Report every line below that has the string "also" in it.

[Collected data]
═══

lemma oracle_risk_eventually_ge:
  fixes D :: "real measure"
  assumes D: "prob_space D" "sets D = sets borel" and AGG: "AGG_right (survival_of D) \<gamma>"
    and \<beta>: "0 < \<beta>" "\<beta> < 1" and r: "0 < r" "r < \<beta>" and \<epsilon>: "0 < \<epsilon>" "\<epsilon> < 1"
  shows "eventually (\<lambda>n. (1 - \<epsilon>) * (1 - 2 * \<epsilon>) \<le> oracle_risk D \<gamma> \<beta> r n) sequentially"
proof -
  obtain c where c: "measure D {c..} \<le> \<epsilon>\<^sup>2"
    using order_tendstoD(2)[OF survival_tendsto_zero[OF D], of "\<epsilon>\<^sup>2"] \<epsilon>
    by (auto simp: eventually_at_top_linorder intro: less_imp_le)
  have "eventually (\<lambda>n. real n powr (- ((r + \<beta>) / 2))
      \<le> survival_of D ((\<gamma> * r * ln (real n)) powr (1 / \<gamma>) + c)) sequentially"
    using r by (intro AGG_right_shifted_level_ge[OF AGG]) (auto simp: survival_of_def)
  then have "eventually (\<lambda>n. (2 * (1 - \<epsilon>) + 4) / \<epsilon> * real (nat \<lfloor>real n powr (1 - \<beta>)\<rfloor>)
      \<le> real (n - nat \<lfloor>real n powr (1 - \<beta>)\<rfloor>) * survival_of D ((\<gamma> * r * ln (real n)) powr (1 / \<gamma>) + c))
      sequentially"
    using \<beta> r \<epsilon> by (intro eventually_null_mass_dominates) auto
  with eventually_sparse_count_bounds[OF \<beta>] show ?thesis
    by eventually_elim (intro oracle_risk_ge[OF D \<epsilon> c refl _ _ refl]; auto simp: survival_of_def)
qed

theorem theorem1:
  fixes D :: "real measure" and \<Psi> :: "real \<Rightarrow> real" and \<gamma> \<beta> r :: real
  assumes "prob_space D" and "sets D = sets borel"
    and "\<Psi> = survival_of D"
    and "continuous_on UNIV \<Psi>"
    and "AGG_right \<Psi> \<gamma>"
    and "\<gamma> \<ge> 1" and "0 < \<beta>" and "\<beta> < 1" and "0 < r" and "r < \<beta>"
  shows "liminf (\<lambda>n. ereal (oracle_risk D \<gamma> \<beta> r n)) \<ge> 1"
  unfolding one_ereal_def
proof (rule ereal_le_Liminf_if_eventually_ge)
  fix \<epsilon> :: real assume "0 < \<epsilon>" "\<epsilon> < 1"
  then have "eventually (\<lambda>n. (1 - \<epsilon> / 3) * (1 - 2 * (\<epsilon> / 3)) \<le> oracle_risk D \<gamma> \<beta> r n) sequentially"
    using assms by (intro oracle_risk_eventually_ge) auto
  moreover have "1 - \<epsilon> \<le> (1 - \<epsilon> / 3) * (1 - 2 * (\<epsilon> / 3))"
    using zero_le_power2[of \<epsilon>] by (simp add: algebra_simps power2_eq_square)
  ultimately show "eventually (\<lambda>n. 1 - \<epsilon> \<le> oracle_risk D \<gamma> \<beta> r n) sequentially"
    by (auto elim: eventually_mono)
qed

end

═══

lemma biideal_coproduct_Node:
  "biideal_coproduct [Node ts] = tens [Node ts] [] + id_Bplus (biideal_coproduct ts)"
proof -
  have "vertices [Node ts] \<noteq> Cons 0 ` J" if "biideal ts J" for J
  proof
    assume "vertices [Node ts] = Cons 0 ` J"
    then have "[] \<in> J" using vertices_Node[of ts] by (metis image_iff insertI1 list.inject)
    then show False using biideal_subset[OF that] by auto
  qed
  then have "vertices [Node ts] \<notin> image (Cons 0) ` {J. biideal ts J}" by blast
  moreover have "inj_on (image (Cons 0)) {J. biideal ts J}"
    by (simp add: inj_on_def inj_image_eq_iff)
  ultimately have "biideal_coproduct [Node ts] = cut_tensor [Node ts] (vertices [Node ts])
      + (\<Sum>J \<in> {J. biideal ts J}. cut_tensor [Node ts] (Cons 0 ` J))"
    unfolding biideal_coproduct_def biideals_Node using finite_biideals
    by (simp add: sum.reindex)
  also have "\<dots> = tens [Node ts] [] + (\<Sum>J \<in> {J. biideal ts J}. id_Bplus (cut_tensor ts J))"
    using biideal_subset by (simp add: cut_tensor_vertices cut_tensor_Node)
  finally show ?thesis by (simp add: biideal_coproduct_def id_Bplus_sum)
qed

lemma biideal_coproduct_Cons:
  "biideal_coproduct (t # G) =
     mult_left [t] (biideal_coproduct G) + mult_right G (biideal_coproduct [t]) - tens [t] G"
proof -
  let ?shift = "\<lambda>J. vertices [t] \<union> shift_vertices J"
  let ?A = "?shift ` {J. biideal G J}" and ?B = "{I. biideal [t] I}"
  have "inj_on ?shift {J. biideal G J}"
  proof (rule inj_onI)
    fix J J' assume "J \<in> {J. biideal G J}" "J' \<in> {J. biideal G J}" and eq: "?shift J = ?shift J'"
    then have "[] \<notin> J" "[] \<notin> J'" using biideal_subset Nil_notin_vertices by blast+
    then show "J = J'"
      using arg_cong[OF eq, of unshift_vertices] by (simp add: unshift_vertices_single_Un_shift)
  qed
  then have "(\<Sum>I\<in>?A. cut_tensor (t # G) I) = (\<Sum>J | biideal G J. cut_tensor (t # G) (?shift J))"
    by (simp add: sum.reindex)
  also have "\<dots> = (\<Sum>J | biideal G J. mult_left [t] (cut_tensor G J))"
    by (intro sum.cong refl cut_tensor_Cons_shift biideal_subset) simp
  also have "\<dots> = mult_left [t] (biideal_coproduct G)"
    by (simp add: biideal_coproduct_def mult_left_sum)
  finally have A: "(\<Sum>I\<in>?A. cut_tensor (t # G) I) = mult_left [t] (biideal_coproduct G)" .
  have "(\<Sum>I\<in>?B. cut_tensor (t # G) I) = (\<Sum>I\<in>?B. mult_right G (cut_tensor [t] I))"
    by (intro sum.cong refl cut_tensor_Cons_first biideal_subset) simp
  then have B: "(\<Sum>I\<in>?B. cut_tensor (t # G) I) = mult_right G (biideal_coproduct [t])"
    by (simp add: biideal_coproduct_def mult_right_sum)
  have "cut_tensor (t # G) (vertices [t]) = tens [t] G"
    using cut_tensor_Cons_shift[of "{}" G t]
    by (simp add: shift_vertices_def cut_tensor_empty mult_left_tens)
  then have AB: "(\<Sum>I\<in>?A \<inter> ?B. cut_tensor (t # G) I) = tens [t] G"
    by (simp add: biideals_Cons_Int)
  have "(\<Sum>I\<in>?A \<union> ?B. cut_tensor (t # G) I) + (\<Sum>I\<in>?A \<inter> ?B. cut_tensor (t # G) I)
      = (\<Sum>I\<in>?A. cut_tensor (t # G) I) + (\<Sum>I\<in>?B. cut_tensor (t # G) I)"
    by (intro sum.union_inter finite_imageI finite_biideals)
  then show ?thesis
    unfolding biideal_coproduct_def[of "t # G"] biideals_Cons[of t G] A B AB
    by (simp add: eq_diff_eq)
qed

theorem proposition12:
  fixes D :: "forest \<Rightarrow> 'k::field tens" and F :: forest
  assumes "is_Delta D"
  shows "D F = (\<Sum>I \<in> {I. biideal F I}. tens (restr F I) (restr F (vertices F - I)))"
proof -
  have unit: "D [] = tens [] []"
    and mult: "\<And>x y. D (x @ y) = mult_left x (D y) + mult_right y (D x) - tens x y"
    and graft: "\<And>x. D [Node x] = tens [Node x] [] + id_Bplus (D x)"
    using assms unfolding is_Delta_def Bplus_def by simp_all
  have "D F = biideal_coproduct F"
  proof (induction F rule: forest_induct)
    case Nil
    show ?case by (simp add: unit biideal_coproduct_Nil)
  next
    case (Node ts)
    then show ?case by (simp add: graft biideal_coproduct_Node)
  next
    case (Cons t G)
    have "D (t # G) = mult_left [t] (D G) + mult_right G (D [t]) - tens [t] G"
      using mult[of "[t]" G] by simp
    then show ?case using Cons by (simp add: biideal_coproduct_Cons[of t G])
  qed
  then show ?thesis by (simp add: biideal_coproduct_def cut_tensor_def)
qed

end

═══

> Your response
  also have "\<dots> = tens [Node ts] [] + (\<Sum>J \<in> {J. biideal ts J}. id_Bplus (cut_tensor ts J))"
  also have "\<dots> = (\<Sum>J | biideal G J. mult_left [t] (cut_tensor G J))"
  also have "\<dots> = mult_left [t] (biideal_coproduct G)"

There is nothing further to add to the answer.